Sunday, August 03, 2008

Data Validation for Business Intelligence

Recently, there have been several exciting products released in the BI space around data visualization and optimization to handle sophisticated information challenges. However, I have been surprised that there are no software products or technologies to help with something as fundamental as data validation for data warehouses. Most of the projects that I have encountered end up spending an inordinate amount of time at the tail end in trying to get the data to tie in the data warehouse. There is usually a subset of transactions missing, that were not thoroughly understood as relevant to a particular calculation and must be replicated from the source ERP system to the data warehouse.

There are some products that help with data quality, and information profiling but they fall short in semantically walking the lienage of the metric that you may see on one report to a metric that you may see on another.
We can argue that the root cause of the issue is related to multiple versions of the truth, however, I belive that multiple versions will always exist because some events are relevant to certain decisions vs. others. eg. If I am trying to understand customer sales, I am primarily interested in product sales vs. for financial reporting shipping and handling charges will usually be included as part of a sales number. Unfortunately, human beings has neither the patience nor the presence to use all their words so when there is a conversation going on, both those numbers may be reported and referred to as sales.
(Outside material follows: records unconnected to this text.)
(* Consider the power network system described in the context and an equilibrium $(\eta^*,\omega^*,p^{M,*},p^{c,*},\psi^* )$ of it for some constant switching vector $\sigma^*\in\{0,1\}^{|\tilde{\mathcal L}|}$; write $p^{c,*}$ also for the common value of the (equal) entries of the equilibrium power command vector. Suppose $\kappa_j=q_j^{-1}$ for all $j\in\mathcal N$, and suppose there exist $\theta\ge 0$ and $\zeta\in\mathbb R$ such that $p^{c,*}-\theta/K\le\zeta\le p^{c,*}$ and, for every $(l,j)\in\tilde{\mathcal L}$, $\sigma^*_{l,j}\in\{0\}$ if $\zeta>c_{l,j}/\overline d_{l,j}$; $\sigma^*_{l,j}\in\{0,\rho_{l,j}\}$ if $\zeta=c_{l,j}/\overline d_{l,j}$; $\sigma^*_{l,j}\in\{\rho_{l,j}\}$ if $|\zeta|<c_{l,j}/\overline d_{l,j}$; $\sigma^*_{l,j}\in\{\rho_{l,j},1\}$ if $\zeta=-c_{l,j}/\overline d_{l,j}$; $\sigma^*_{l,j}\in\{1\}$ if $\zeta<-c_{l,j}/\overline d_{l,j}$. Then $(p^{M,*},\sigma^* )$ is $\epsilon$-optimal for the H-OSC problem with $\epsilon=3\theta^2/(2K)$.
   Context: Let $(\mathcal N,\mathcal E)$ be a connected directed graph (the power network) with bus set $\mathcal N=\{1,\dots,|\mathcal N|\}$ and line set $\mathcal E$, oriented arbitrarily so that $(i,j)\in\mathcal E$ implies $(j,i)\notin\mathcal E$; $\mathcal N^p_j=\{k:(k,j)\in\mathcal E\}$, $\mathcal N^s_j=\{k:(j,k)\in\mathcal E\}$. Let $(\mathcal N,\tilde{\mathcal E})$ be a connected directed graph (communication network). For each $j\in\mathcal N$, $\mathcal L_j$ is a finite set of on-off loads and $\tilde{\mathcal L}=\{(l,j):l\in\mathcal L_j,j\in\mathcal N\}$; load $(l,j)$ has magnitude $\overline d_{l,j}>0$, switching state $\sigma_{l,j}\in\{0,1\}$, user-desired state $\rho_{l,j}\in\{0,1\}$, and a cost constant $c_{l,j}$. Constants $M_j,\gamma_j,\kappa_j,A_j,\tau_j,q_j>0$, $p^L_j\in\mathbb R$ ($j\in\mathcal N$), $B_{ij}>0$ ($(i,j)\in\mathcal E$), $\tau_{ij}>0$ ($(i,j)\in\tilde{\mathcal E}$); $K=\sum_{j\in\mathcal N}\kappa_j$. State $x=(\eta,\omega,p^M,p^c,\psi)$, dynamics: $\dot\eta_{ij}=\omega_i-\omega_j$, $(i,j)\in\mathcal E$; $M_j\dot\omega_j=p^M_j-p^L_j-A_j\omega_j-\sum_{l\in\mathcal L_j}\overline d_{l,j}\sigma_{l,j}-\sum_{k\in\mathcal N^s_j}B_{jk}\eta_{jk}+\sum_{i\in\mathcal N^p_j}B_{ij}\eta_{ij}$; $\gamma_j\dot p^M_j=-(p^M_j+\kappa_j\omega_j-\kappa_jp^c_j)$; $\tau_{ij}\dot\psi_{ij}=p^c_i-p^c_j$, $(i,j)\in\tilde{\mathcal E}$; $\tau_j\dot p^c_j=-p^M_j+p^L_j+\sum_{l\in\mathcal L_j}\overline d_{l,j}\sigma_{l,j}-\sum_{k:(j,k)\in\tilde{\mathcal E}}\psi_{jk}+\sum_{i:(i,j)\in\tilde{\mathcal E}}\psi_{ij}$. An equilibrium for fixed $\sigma$ is a state at which all derivatives vanish; at every equilibrium all entries of $p^{c,*}$ coincide. H-OSC problem: minimize over $p^M\in\mathbb R^{|\mathcal N|}$ and $\sigma\in\{0,1\}^{|\tilde{\mathcal L}|}$ the cost $C(p^M,\sigma)=\sum_{j\in\mathcal N}\big[\tfrac12q_j(p^M_j)^2+\sum_{l\in\mathcal L_j}C^d_{l,j}(\sigma_{l,j},\rho_{l,j})\big]$, where $C^d_{l,j}=c_{l,j}$ if $\sigma_{l,j}\ne\rho_{l,j}$ and $0$ otherwise, subject to $\sum_j p^M_j=\sum_j\big(p^L_j+\sum_{l\in\mathcal L_j}\overline d_{l,j}\sigma_{l,j}\big)$. A point $(p^M,\sigma)$ is $\epsilon$-optimal for H-OSC if $C(p^M,\sigma)\le(\text{minimum of H-OSC})+\epsilon$. *)

theory Defs
  imports Complex_Main
begin

definition weakly_connected :: "'n set \<Rightarrow> ('n \<times> 'n) set \<Rightarrow> bool" where
  "weakly_connected N E \<longleftrightarrow> (\<forall>i\<in>N. \<forall>j\<in>N. (i, j) \<in> (E \<union> E\<inverse>)\<^sup>*)"

definition load_set :: "'n set \<Rightarrow> ('n \<Rightarrow> 'l set) \<Rightarrow> ('l \<times> 'n) set" where
  "load_set N L = {(l, j). j \<in> N \<and> l \<in> L j}"

text \<open>Equilibrium: every right-hand side of the dynamics (time derivative) vanishes.\<close>
definition is_equilibrium ::
  "'n set \<Rightarrow> ('n \<times> 'n) set \<Rightarrow> ('n \<times> 'n) set \<Rightarrow> ('n \<Rightarrow> 'l set) \<Rightarrow> ('l \<Rightarrow> 'n \<Rightarrow> real) \<Rightarrow>
   ('n \<Rightarrow> real) \<Rightarrow> ('n \<Rightarrow> real) \<Rightarrow> ('n \<Rightarrow> real) \<Rightarrow> ('n \<Rightarrow> real) \<Rightarrow> ('n \<Rightarrow> real) \<Rightarrow> ('n \<Rightarrow> real) \<Rightarrow>
   ('n \<times> 'n \<Rightarrow> real) \<Rightarrow> ('n \<times> 'n \<Rightarrow> real) \<Rightarrow>
   ('l \<Rightarrow> 'n \<Rightarrow> real) \<Rightarrow>
   ('n \<times> 'n \<Rightarrow> real) \<Rightarrow> ('n \<Rightarrow> real) \<Rightarrow> ('n \<Rightarrow> real) \<Rightarrow> ('n \<Rightarrow> real) \<Rightarrow> ('n \<times> 'n \<Rightarrow> real) \<Rightarrow> bool" where
  "is_equilibrium N E Et L dbar M gamma kappa A tau pL B tauE sigma
      eta omega pM pc psi \<longleftrightarrow>
     (\<forall>(i, j)\<in>E. omega i - omega j = 0) \<and>
     (\<forall>j\<in>N. (pM j - pL j - A j * omega j - (\<Sum>l\<in>L j. dbar l j * sigma l j)
              - (\<Sum>k\<in>{k. (j, k) \<in> E}. B (j, k) * eta (j, k))
              + (\<Sum>i\<in>{i. (i, j) \<in> E}. B (i, j) * eta (i, j))) / M j = 0) \<and>
     (\<forall>j\<in>N. (- (pM j + kappa j * omega j - kappa j * pc j)) / gamma j = 0) \<and>
     (\<forall>(i, j)\<in>Et. (pc i - pc j) / tauE (i, j) = 0) \<and>
     (\<forall>j\<in>N. (- pM j + pL j + (\<Sum>l\<in>L j. dbar l j * sigma l j)
              - (\<Sum>k\<in>{k. (j, k) \<in> Et}. psi (j, k))
              + (\<Sum>i\<in>{i. (i, j) \<in> Et}. psi (i, j))) / tau j = 0)"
In my 12 years in this domain, this has been an ongoing issue, how can we "tie" the data in the data warehouse to an existing "known" source. It is irrelevant whether the known source is right or wrong, the information has to link to the source system for it to gain acceptance in the data warehouse.

I also find it fascinating that most of the business people can look at a number and state that it doesn't tie, even though they have no idea how that number is calculated in the first place.

The reason this problem has not been solved because understanding the context and semantics are very important and most technologies stil fall short in trying to "understand" relevance. Maybe this is a search problem after all and the new semantic web will help us conquer this fundamental BI problem at some point in the near future.